(Information provided)

(* Let $\Lambda=KQ/\langle I\rangle$ be a gentle algebra over an algebraically closed field $K$, let $\Gamma=KQ^{Aus}/\langle I^{Aus}\rangle$, and let $\Phi:\mathrm{mod}\,\Lambda\to\mathrm{mod}\,\Gamma$ and $\mathrm{res}:\mathrm{mod}\,\Gamma\to\mathrm{mod}\,\Lambda$ be the functors described in the context. Then: (i) For all $M\in\mathrm{mod}\,\Lambda$ and $N\in\mathrm{mod}\,\Gamma$, the maps $\mathrm{Hom}_\Gamma(\Phi(M),N)\xrightarrow{\mathrm{res}}\mathrm{Hom}_\Lambda(\mathrm{res}\,\Phi(M),\mathrm{res}\,N)\cong\mathrm{Hom}_\Lambda(M,\mathrm{res}\,N)$ and $\mathrm{Hom}_\Gamma(N,\Phi(M))\xrightarrow{\mathrm{res}}\mathrm{Hom}_\Lambda(\mathrm{res}\,N,\mathrm{res}\,\Phi(M))\cong\mathrm{Hom}_\Lambda(\mathrm{res}\,N,M)$ are injective (where the isomorphisms come from the natural isomorphism $\mathrm{res}\,\Phi(M)\cong M$). (ii) The functor $\Phi$ is fully faithful. In particular, $\Phi$ preserves injective and surjective morphisms.
   Context: Conventions: arrows $\alpha:s(\alpha)\to t(\alpha)$; paths are composed right to left, so $\beta\alpha$ means $\alpha$ followed by $\beta$. A gentle algebra is $\Lambda=KQ/\langle I\rangle$ (finite dimensional) where $I$ is a set of length-$2$ paths such that: each vertex is the start of at most two and the end of at most two arrows; for each arrow $\alpha$ there is at most one arrow $\beta$ with $t(\beta)=s(\alpha)$, $\alpha\beta\notin I$, at most one $\gamma$ with $s(\gamma)=t(\alpha)$, $\gamma\alpha\notin I$, at most one $\beta$ with $t(\beta)=s(\alpha)$, $\alpha\beta\in I$, and at most one $\gamma$ with $s(\gamma)=t(\alpha)$, $\gamma\alpha\in I$. Modules are finite dimensional left modules, identified with representations $M=((M_i)_{i\in Q_0},(M_\alpha)_{\alpha\in Q_1})$ of $(Q,I)$. $\mathcal{C}(\Lambda)$ is the set of repetition-free cyclic paths $\alpha_1\cdots\alpha_n$ (up to cyclic permutation) with $\alpha_i\alpha_{i+1}\in I$ for all $i$ (indices mod $n$). $Q_1^{cyc}$ is the set of arrows lying on some cycle in $\mathcal{C}(\Lambda)$ and $Q_1^{ncyc}=Q_1\setminus Q_1^{cyc}$. The quiver $Q^{Aus}$ has vertex set $Q_0\sqcup Q_1^{cyc}$ and arrow set $Q_1^{ncyc}\sqcup\{\alpha^+:s(\alpha)\to\alpha\mid\alpha\in Q_1^{cyc}\}\sqcup\{\alpha^-:\alpha\to t(\alpha)\mid\alpha\in Q_1^{cyc}\}$; $I^{Aus}=\{\beta^+\alpha^-\mid\beta\alpha\in I,\ \alpha,\beta\in Q_1^{cyc}\}\cup\{\beta\alpha\mid\beta\alpha\in I,\ \alpha,\beta\in Q_1^{ncyc}\}$. The algebra $\Gamma=KQ^{Aus}/\langle I^{Aus}\rangle$ is (isomorphic to) the Cohen–Macaulay Auslander algebra of $\Lambda$. The functor $\Phi$: for $M\in\mathrm{mod}\,\Lambda$, $\Phi(M)=\widehat{M}$ has $\widehat{M}_i=M_i$ for $i\in Q_0$, $\widehat{M}_\alpha=\mathrm{Im}\,M_\alpha$ for $\alpha\in Q_1^{cyc}$, $\widehat{M}_\beta=M_\beta$ for $\beta\in Q_1^{ncyc}$, and $\widehat{M}_{\alpha^+}:M_{s(\alpha)}\to\mathrm{Im}\,M_\alpha$, $\widehat{M}_{\alpha^-}:\mathrm{Im}\,M_\alpha\to M_{t(\alpha)}$ the surjection and inclusion factoring $M_\alpha$; on morphisms $\Phi$ acts by the induced maps. The functor $\mathrm{res}$: for $N\in\mathrm{mod}\,\Gamma$, $(\mathrm{res}\,N)_i=N_i$ for $i\in Q_0$, $(\mathrm{res}\,N)_\alpha=N_\alpha$ for $\alpha\in Q_1^{ncyc}$, and $(\mathrm{res}\,N)_\alpha=N_{\alpha^-}N_{\alpha^+}$ for $\alpha\in Q_1^{cyc}$; on morphisms it keeps the components at vertices in $Q_0$. *)

theory Defs
  imports Main "HOL-Computational_Algebra.Polynomial"
begin

(* A path of length 2 "beta alpha" (alpha followed by beta, t alpha = s beta) is
   encoded as the pair (beta, alpha). *)

definition algebraically_closed :: "'k::field itself \<Rightarrow> bool" where
  "algebraically_closed _ \<longleftrightarrow> (\<forall>p::'k poly. degree p > 0 \<longrightarrow> (\<exists>x. poly p x = 0))"

definition composable :: "('r \<Rightarrow> 'q) \<Rightarrow> ('r \<Rightarrow> 'q) \<Rightarrow> 'r list \<Rightarrow> bool" where
  "composable s t xs \<longleftrightarrow> (\<forall>i. Suc i < length xs \<longrightarrow> t (xs!i) = s (xs!Suc i))"

definition gentle :: "'q set \<Rightarrow> 'r set \<Rightarrow> ('r \<Rightarrow> 'q) \<Rightarrow> ('r \<Rightarrow> 'q) \<Rightarrow> ('r \<times> 'r) set \<Rightarrow> bool" where
  "gentle Q0 Q1 s t I \<longleftrightarrow>
     finite Q0 \<and> finite Q1 \<and> (\<forall>a\<in>Q1. s a \<in> Q0 \<and> t a \<in> Q0) \<and>
     I \<subseteq> {(b, a). a \<in> Q1 \<and> b \<in> Q1 \<and> t a = s b} \<and>
     (\<forall>v\<in>Q0. card {a\<in>Q1. s a = v} \<le> 2 \<and> card {a\<in>Q1. t a = v} \<le> 2) \<and>
     (\<forall>a\<in>Q1. \<forall>b\<in>Q1. \<forall>b'\<in>Q1.
        t b = s a \<and> (a, b) \<notin> I \<and> t b' = s a \<and> (a, b') \<notin> I \<longrightarrow> b = b') \<and>
     (\<forall>a\<in>Q1. \<forall>c\<in>Q1. \<forall>c'\<in>Q1.
        s c = t a \<and> (c, a) \<notin> I \<and> s c' = t a \<and> (c', a) \<notin> I \<longrightarrow> c = c') \<and>
     (\<forall>a\<in>Q1. \<forall>b\<in>Q1. \<forall>b'\<in>Q1.
        t b = s a \<and> (a, b) \<in> I \<and> t b' = s a \<and> (a, b') \<in> I \<longrightarrow> b = b') \<and>
     (\<forall>a\<in>Q1. \<forall>c\<in>Q1. \<forall>c'\<in>Q1.
        s c = t a \<and> (c, a) \<in> I \<and> s c' = t a \<and> (c', a) \<in> I \<longrightarrow> c = c') \<and>
     \<comment> \<open>finite dimensionality of KQ/<I>: paths avoiding I have bounded length\<close>
     (\<exists>N. \<forall>xs. length xs = N \<and> set xs \<subseteq> Q1 \<and> composable s t xs \<longrightarrow>
              (\<exists>i. Suc i < N \<and> (xs!Suc i, xs!i) \<in> I))"

(* Q1^cyc : arrows lying on some repetition-free cyclic path alpha_1 ... alpha_n
   with alpha_i alpha_{i+1} in I (indices mod n); xs!i = alpha_{i+1}. *)
definition cyc_arrows :: "'r set \<Rightarrow> ('r \<times> 'r) set \<Rightarrow> 'r set" where
  "cyc_arrows Q1 I = {a. \<exists>xs. xs \<noteq> [] \<and> distinct xs \<and> set xs \<subseteq> Q1 \<and> a \<in> set xs \<and>
      (\<forall>i<length xs. (xs!i, xs!((i+1) mod length xs)) \<in> I)}"

(* arrows of Q^Aus: Old b (b in Q1^ncyc), Plus a = a^+, Minus a = a^- (a in Q1^cyc) *)
datatype 'r aus_arr = Old 'r | Plus 'r | Minus 'r

definition aus_Q0 :: "'q set \<Rightarrow> 'r set \<Rightarrow> ('r \<times> 'r) set \<Rightarrow> ('q + 'r) set" where
  "aus_Q0 Q0 Q1 I = Inl ` Q0 \<union> Inr ` cyc_arrows Q1 I"

definition aus_Q1 :: "'r set \<Rightarrow> ('r \<times> 'r) set \<Rightarrow> 'r aus_arr set" where
  "aus_Q1 Q1 I = Old ` (Q1 - cyc_arrows Q1 I) \<union> Plus ` cyc_arrows Q1 I \<union> Minus ` cyc_arrows Q1 I"

fun aus_s :: "('r \<Rightarrow> 'q) \<Rightarrow> 'r aus_arr \<Rightarrow> 'q + 'r" where
  "aus_s s (Old b) = Inl (s b)"
| "aus_s s (Plus a) = Inl (s a)"
| "aus_s s (Minus a) = Inr a"

fun aus_t :: "('r \<Rightarrow> 'q) \<Rightarrow> 'r aus_arr \<Rightarrow> 'q + 'r" where
  "aus_t t (Old b) = Inl (t b)"
| "aus_t t (Plus a) = Inr a"
| "aus_t t (Minus a) = Inl (t a)"

definition aus_I :: "'r set \<Rightarrow> ('r \<times> 'r) set \<Rightarrow> ('r aus_arr \<times> 'r aus_arr) set" where
  "aus_I Q1 I =
     {(Plus b, Minus a) | a b. (b, a) \<in> I \<and> a \<in> cyc_arrows Q1 I \<and> b \<in> cyc_arrows Q1 I} \<union>
     {(Old b, Old a) | a b. (b, a) \<in> I \<and> a \<in> Q1 - cyc_arrows Q1 I \<and> b \<in> Q1 - cyc_arrows Q1 I}"

definition lin_on :: "('k \<Rightarrow> 'v::plus \<Rightarrow> 'v) \<Rightarrow> ('k \<Rightarrow> 'w::plus \<Rightarrow> 'w) \<Rightarrow> 'v set \<Rightarrow> ('v \<Rightarrow> 'w) \<Rightarrow> bool"
  where "lin_on sV sW A g \<longleftrightarrow>
     (\<forall>x\<in>A. \<forall>y\<in>A. g (x + y) = g x + g y) \<and> (\<forall>c. \<forall>x\<in>A. g (sV c x) = sW c (g x))"

(* finite dimensional representation (V, f) of the bound quiver (Q, I):
   V i is a finite dimensional subspace of the ambient vector space,
   f a a linear map V (s a) -> V (t a), satisfying the relations. *)
definition is_rep :: "('k::field \<Rightarrow> 'v::ab_group_add \<Rightarrow> 'v) \<Rightarrow> 'q set \<Rightarrow> 'r set \<Rightarrow>
    ('r \<Rightarrow> 'q) \<Rightarrow> ('r \<Rightarrow> 'q) \<Rightarrow> ('r \<times> 'r) set \<Rightarrow> ('q \<Rightarrow> 'v set) \<Rightarrow> ('r \<Rightarrow> 'v \<Rightarrow> 'v) \<Rightarrow> bool"
  where "is_rep sc Q0 Q1 s t I V f \<longleftrightarrow>
     (\<forall>i\<in>Q0. module.subspace sc (V i) \<and> (\<exists>B. finite B \<and> V i \<subseteq> module.span sc B)) \<and>
     (\<forall>a\<in>Q1. f a ` V (s a) \<subseteq> V (t a) \<and> lin_on sc sc (V (s a)) (f a)) \<and>
     (\<forall>(b, a)\<in>I. \<forall>x\<in>V (s a). f b (f a x) = 0)"

(* morphisms of representations (V,f) -> (W,h); components are normalised to 0
   outside their domain so that the Hom-set is an honest set of functions *)
definition rep_hom :: "('k::field \<Rightarrow> 'v::ab_group_add \<Rightarrow> 'v) \<Rightarrow> ('k \<Rightarrow> 'w::ab_group_add \<Rightarrow> 'w) \<Rightarrow>
    'q set \<Rightarrow> 'r set \<Rightarrow> ('r \<Rightarrow> 'q) \<Rightarrow> ('r \<Rightarrow> 'q) \<Rightarrow>
    ('q \<Rightarrow> 'v set) \<Rightarrow> ('r \<Rightarrow> 'v \<Rightarrow> 'v) \<Rightarrow> ('q \<Rightarrow> 'w set) \<Rightarrow> ('r \<Rightarrow> 'w \<Rightarrow> 'w) \<Rightarrow>
    ('q \<Rightarrow> 'v \<Rightarrow> 'w) set"
  where "rep_hom sV sW Q0 Q1 s t V f W h =
     {g. (\<forall>i\<in>Q0. g i ` V i \<subseteq> W i \<and> lin_on sV sW (V i) (g i)) \<and>
         (\<forall>a\<in>Q1. \<forall>x\<in>V (s a). g (t a) (f a x) = h a (g (s a) x)) \<and>
         (\<forall>i x. i \<notin> Q0 \<or> x \<notin> V i \<longrightarrow> g i x = 0)}"

definition Phi_V :: "('r \<Rightarrow> 'q) \<Rightarrow> ('q \<Rightarrow> 'v set) \<Rightarrow> ('r \<Rightarrow> 'v \<Rightarrow> 'v) \<Rightarrow> ('q + 'r) \<Rightarrow> 'v set" where
  "Phi_V s V f = (\<lambda>x. case x of Inl i \<Rightarrow> V i | Inr a \<Rightarrow> f a ` V (s a))"

definition Phi_f :: "('r \<Rightarrow> 'v \<Rightarrow> 'v) \<Rightarrow> 'r aus_arr \<Rightarrow> 'v \<Rightarrow> 'v" where
  "Phi_f f = (\<lambda>c. case c of Old b \<Rightarrow> f b | Plus a \<Rightarrow> f a | Minus a \<Rightarrow> id)"

definition Phi_mor :: "'r set \<Rightarrow> ('r \<times> 'r) set \<Rightarrow> ('r \<Rightarrow> 'q) \<Rightarrow> ('r \<Rightarrow> 'q) \<Rightarrow>
    ('q \<Rightarrow> 'v set) \<Rightarrow> ('r \<Rightarrow> 'v \<Rightarrow> 'v) \<Rightarrow> ('q \<Rightarrow> 'v \<Rightarrow> 'w::zero) \<Rightarrow> ('q + 'r) \<Rightarrow> 'v \<Rightarrow> 'w" where
  "Phi_mor Q1 I s t V f g = (\<lambda>x. case x of Inl i \<Rightarrow> g i
      | Inr a \<Rightarrow> (\<lambda>y. if a \<in> cyc_arrows Q1 I \<and> y \<in> f a ` V (s a) then g (t a) y else 0))"

definition res_V :: "(('q + 'r) \<Rightarrow> 'w set) \<Rightarrow> 'q \<Rightarrow> 'w set" where
  "res_V W = (\<lambda>i. W (Inl i))"

definition res_f :: "'r set \<Rightarrow> ('r \<times> 'r) set \<Rightarrow> ('r aus_arr \<Rightarrow> 'w \<Rightarrow> 'w) \<Rightarrow> 'r \<Rightarrow> 'w \<Rightarrow> 'w" where
  "res_f Q1 I h = (\<lambda>a. if a \<in> cyc_arrows Q1 I then h (Minus a) \<circ> h (Plus a) else h (Old a))"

(Task objective) Which lines in the records above contain the string "composable"? Copy them.

(Response to the task)
definition composable :: "('r \<Rightarrow> 'q) \<Rightarrow> ('r \<Rightarrow> 'q) \<Rightarrow> 'r list \<Rightarrow> bool" where
  "composable s t xs \<longleftrightarrow> (\<forall>i. Suc i < length xs \<longrightarrow> t (xs!i) = s (xs!Suc i))"
     (\<exists>N. \<forall>xs. length xs = N \<and> set xs \<subseteq> Q1 \<and> composable s t xs \<longrightarrow>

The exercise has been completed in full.